**YOUR ASSIGNMENT:**
Transcribe all records, preserving every character.
--- EXERCISE DATA Enclosed Below ---
text \<open>With a zero dimension the set in \<open>specnorm_def\<close> is empty and \<open>Sup\<close> returns a junk value.\<close>

context
  fixes ns :: "nat list"
  assumes dims_pos: "\<forall>k<length ns. 0 < ns ! k"
begin

lemma specnorm_least:
  assumes "0 < p" "\<And>xs. \<forall>k<length ns. lpnorm p (ns ! k) (xs k) = 1 \<Longrightarrow> cmod (linform ns A xs) \<le> B"
  shows "specnorm p ns A \<le> B"
proof -
  have "\<forall>k<length ns. lpnorm p (ns ! k) (coordinate_vectors (replicate (length ns) 0) k) = 1"
    using assms(1) replicate_0_in_idx[OF dims_pos] lpnorm_coordinate_vectors by blast
  then show ?thesis
    unfolding specnorm_def using assms by (intro cSup_least) auto
qed

lemma specnorm_nonneg:
  assumes "0 < p"
  shows "0 \<le> specnorm p ns A"
  using assms replicate_0_in_idx[OF dims_pos] lpnorm_coordinate_vectors
  by (intro order_trans[OF norm_ge_zero specnorm_upper[where xs = "coordinate_vectors (replicate (length ns) 0)"]])
    blast+

lemma specnorm_le_norm1:
  assumes "0 < p"
  shows "specnorm p ns A \<le> norm1 ns A"
  using assms norm_linform_le_norm1 norm_le_1_if_lpnorm_eq_1[OF assms]
  by (intro specnorm_least) blast+

lemma norm_linform_le_specnorm:
  assumes "0 < p"
  shows "cmod (linform ns A xs) \<le> specnorm p ns A * (\<Prod>k<length ns. lpnorm p (ns ! k) (xs k))"
proof (cases "\<exists>k<length ns. lpnorm p (ns ! k) (xs k) = 0")
  case True
  then obtain k where k: "k < length ns" "lpnorm p (ns ! k) (xs k) = 0" by blast
  then have "(\<Prod>k<length ns. lpnorm p (ns ! k) (xs k)) = 0"
    by (intro prod_zero) auto
  moreover have "linform ns A xs = 0"
    using k by (intro linform_eq_0[of k]) (auto simp: lpnorm_eq_0_iff)
  ultimately show ?thesis by (simp del: prod_zero_iff)
next
  case False
  define l where "l k = lpnorm p (ns ! k) (xs k)" for k
  have l: "0 < l k" if "k < length ns" for k
    using False that lpnorm_nonneg[of p "ns ! k" "xs k"] by (auto simp: l_def)
  have L: "0 < (\<Prod>k<length ns. l k)"
    using l by (intro prod_pos) auto
  have scaled: "linform ns A (\<lambda>k i. complex_of_real (1 / l k) * xs k i)
      = complex_of_real (1 / (\<Prod>k<length ns. l k)) * linform ns A xs"
    by (simp only: linform_scale prod_dividef prod.neutral_const)
  have "cmod (linform ns A xs)
      = (\<Prod>k<length ns. l k) * cmod (linform ns A (\<lambda>k i. complex_of_real (1 / l k) * xs k i))"
    unfolding scaled norm_mult norm_of_real using L by (simp del: prod_zero_iff)
  also have "\<dots> \<le> (\<Prod>k<length ns. l k) * specnorm p ns A"
  proof (intro mult_left_mono specnorm_upper[OF assms])
    show "\<forall>k<length ns. lpnorm p (ns ! k) (\<lambda>i. complex_of_real (1 / l k) * xs k i) = 1"
      unfolding l_def using assms False lpnorm_normalize by blast
  qed (use L in simp)
  finally show ?thesis
    by (simp add: l_def mult.commute)
qed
--- End of Enclosed EXERCISE DATA ---
**SOLUTION:**
text \<open>With a zero dimension the set in \<open>specnorm_def\<close> is empty and \<open>Sup\<close> returns a junk value.\<close>

context
  fixes ns :: "nat list"
  assumes dims_pos: "\<forall>k<length ns. 0 < ns ! k"
begin

lemma specnorm_least:
  assumes "0 < p" "\<And>xs. \<forall>k<length ns. lpnorm p (ns ! k) (xs k) = 1 \<Longrightarrow> cmod (linform ns A xs) \<le> B"
  shows "specnorm p ns A \<le> B"
proof -
  have "\<forall>k<length ns. lpnorm p (ns ! k) (coordinate_vectors (replicate (length ns) 0) k) = 1"
    using assms(1) replicate_0_in_idx[OF dims_pos] lpnorm_coordinate_vectors by blast
  then show ?thesis
    unfolding specnorm_def using assms by (intro cSup_least) auto
qed

lemma specnorm_nonneg:
  assumes "0 < p"
  shows "0 \<le> specnorm p ns A"
  using assms replicate_0_in_idx[OF dims_pos] lpnorm_coordinate_vectors
  by (intro order_trans[OF norm_ge_zero specnorm_upper[where xs = "coordinate_vectors (replicate (length ns) 0)"]])
    blast+

lemma specnorm_le_norm1:
  assumes "0 < p"
  shows "specnorm p ns A \<le> norm1 ns A"
  using assms norm_linform_le_norm1 norm_le_1_if_lpnorm_eq_1[OF assms]
  by (intro specnorm_least) blast+

lemma norm_linform_le_specnorm:
  assumes "0 < p"
  shows "cmod (linform ns A xs) \<le> specnorm p ns A * (\<Prod>k<length ns. lpnorm p (ns ! k) (xs k))"
proof (cases "\<exists>k<length ns. lpnorm p (ns ! k) (xs k) = 0")
  case True
  then obtain k where k: "k < length ns" "lpnorm p (ns ! k) (xs k) = 0" by blast
  then have "(\<Prod>k<length ns. lpnorm p (ns ! k) (xs k)) = 0"
    by (intro prod_zero) auto
  moreover have "linform ns A xs = 0"
    using k by (intro linform_eq_0[of k]) (auto simp: lpnorm_eq_0_iff)
  ultimately show ?thesis by (simp del: prod_zero_iff)
next
  case False
  define l where "l k = lpnorm p (ns ! k) (xs k)" for k
  have l: "0 < l k" if "k < length ns" for k
    using False that lpnorm_nonneg[of p "ns ! k" "xs k"] by (auto simp: l_def)
  have L: "0 < (\<Prod>k<length ns. l k)"
    using l by (intro prod_pos) auto
  have scaled: "linform ns A (\<lambda>k i. complex_of_real (1 / l k) * xs k i)
      = complex_of_real (1 / (\<Prod>k<length ns. l k)) * linform ns A xs"
    by (simp only: linform_scale prod_dividef prod.neutral_const)
  have "cmod (linform ns A xs)
      = (\<Prod>k<length ns. l k) * cmod (linform ns A (\<lambda>k i. complex_of_real (1 / l k) * xs k i))"
    unfolding scaled norm_mult norm_of_real using L by (simp del: prod_zero_iff)
  also have "\<dots> \<le> (\<Prod>k<length ns. l k) * specnorm p ns A"
  proof (intro mult_left_mono specnorm_upper[OF assms])
    show "\<forall>k<length ns. lpnorm p (ns ! k) (\<lambda>i. complex_of_real (1 / l k) * xs k i) = 1"
      unfolding l_def using assms False lpnorm_normalize by blast
  qed (use L in simp)
  finally show ?thesis
    by (simp add: l_def mult.commute)
qed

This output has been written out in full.